Он обещал вернуться в шесть. Я попросила его сегодня не пить. Если в понедельник он поедет кодироваться, как мы договорились, ему надо три дня выдержать в безалкогольном режиме.
Было уже одиннадцать, когда, взвинченная до предела ожиданием, я решила запереть дверь изнутри, чтобы он войти не смог, когда бы ни пришел – в час ночи, в три, в четыре, и главным образом, чтоб больше не ждать его, не ждать, никогда не ждать! Я уже сама не хотела, чтобы он приходил – хлопот меньше. Но он меня опередил. Ключ провернулся в замке, и вот он уже стоит на пороге.
– Ключ верни мне. Я тебе дала его, чтобы тебе после работы было куда пойти, отдохнуть, поужинать. Чтобы ты не болтался, как бездомный пес. Все. Уходи теперь! Иди к Гельке!
– Да не хочу я к ней! Счас посижу немного, покурю, выпью рюмку и уйду!
– Нет, в другом месте кури и пей! Уходи! Зачем ты пришел?
– К тебе я пришел! К тебе! На тебя посмотреть! Ну, зачем ты так? Это же болезнь. Нас надо жалеть, – добавил он с беспомощной и жалобной интонацией. – Не уйду я никуда! Завтра уйду! – он прошел на кухню – любимое свое место, где можно сесть и выпить чарочку. – Иди сюда. Сядь. Я так давно хотел сказать тебе это: ты – хорошая! Ты очень хорошая! Помнишь, я тебе говорил, что женятся не на тех, кого любят. Их боятся. Жены обычно не бывают хорошими любовницами. Ты можешь все! Ты – идеал! Другие женщины – только в пятьдесят процентов, только вполовину тебя! Ты – идеал!
Я опустила глазки. В них уже навернулись слезы. Я растаяла от его лести. Вот подлец, а! Умеет же в душу влезть! Как гибко и виртуозно Райсберг владеет таким инструментом, как собственное обаяние и актерский дар!
Я сказала ему, что он артист, и ему надо играть в театре.
– Я ненавижу себя! Я ненавижу себя! – дважды повторил Юрка и стал мне рассказывать, как он поступал во ВГИК и в Щуку – Щукинское театральное училище в Москве, как он упивался собой и обожал себя, думал, что там сразу заметят, какой он неординарный, яркий, талантливый! Но там таких, как он, было много. Или не разглядели… Бывает и такое… Пришлось вернуться в Юшалы. Закончил техникум с красной корочкой. Не учился, вылазил за счет собственного обаяния, и преподавательницы пытались соблазнить его… (Врет, шельма, это не они, а он не стеснялся всюду – в корыстных целях! – шарм свой в ход пускать).
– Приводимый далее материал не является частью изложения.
lemma comm_ring_hom_const_poly: "comm_ring_hom (\<lambda>x. [:x:])"
  by unfold_locales (simp_all add: pCons_one)

lemma comm_ring_hom_poly_eval: "comm_ring_hom (\<lambda>q. poly q x)"
  by unfold_locales simp_all

lemma comm_ring_hom_mconst: "comm_ring_hom mconst"
  by unfold_locales (simp_all add: mconst_def single_add mult_single)

definition monom_eval :: "(nat \<Rightarrow> 'b::comm_ring_1) \<Rightarrow> (nat \<Rightarrow>\<^sub>0 nat) \<Rightarrow> 'b" where
  "monom_eval \<sigma> m = (\<Prod>v\<in>Poly_Mapping.keys m. \<sigma> v ^ Poly_Mapping.lookup m v)"

definition meval :: "('a::comm_ring_1 \<Rightarrow> 'b::comm_ring_1) \<Rightarrow> (nat \<Rightarrow> 'b) \<Rightarrow> 'a mpoly \<Rightarrow> 'b" where
  "meval \<kappa> \<sigma> P = (\<Sum>m\<in>Poly_Mapping.keys P. \<kappa> (Poly_Mapping.lookup P m) * monom_eval \<sigma> m)"

lemma msubst_eq_meval: "msubst \<sigma> = meval mconst \<sigma>"
  by (rule ext) (simp add: msubst_def meval_def monom_eval_def)

lemma monom_eval_superset:
  assumes "finite K" "Poly_Mapping.keys m \<subseteq> K"
  shows "monom_eval \<sigma> m = (\<Prod>v\<in>K. \<sigma> v ^ Poly_Mapping.lookup m v)"
  unfolding monom_eval_def
  by (rule prod.mono_neutral_left[OF assms]) (simp add: in_keys_iff)

lemma monom_eval_zero [simp]: "monom_eval \<sigma> 0 = 1"
  by (simp add: monom_eval_def)

lemma monom_eval_add: "monom_eval \<sigma> (a + b) = monom_eval \<sigma> a * monom_eval \<sigma> b"
proof -
  let ?K = "Poly_Mapping.keys a \<union> Poly_Mapping.keys b"
  have "monom_eval \<sigma> (a + b) = (\<Prod>v\<in>?K. \<sigma> v ^ Poly_Mapping.lookup (a + b) v)"
    by (rule monom_eval_superset) (simp_all add: keys_add)
  also have "\<dots> = (\<Prod>v\<in>?K. \<sigma> v ^ Poly_Mapping.lookup a v) * (\<Prod>v\<in>?K. \<sigma> v ^ Poly_Mapping.lookup b v)"
    by (simp add: lookup_add power_add prod.distrib)
  also have "\<dots> = monom_eval \<sigma> a * monom_eval \<sigma> b"
    using monom_eval_superset[of ?K a \<sigma>] monom_eval_superset[of ?K b \<sigma>] by simp
  finally show ?thesis .
qed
– Я теперь знаю, почему ты одна, – сказал он мне перед уходом. – Я один – потому что ищу свой идеал. По твоим правилам ты все сделала правильно. Нам обоим не повезло: мы встретились в неудачное время. Я пил, и мне было хорошо. Теперь некоторое время я должен побыть один, мне о многом надо подумать. Я хочу снять квартиру и уйти на дно, мне надо подумать о своей жизни, хорошо подумать. Возможно, я буду жалеть, что потерял тебя, как жалел о Мироновой.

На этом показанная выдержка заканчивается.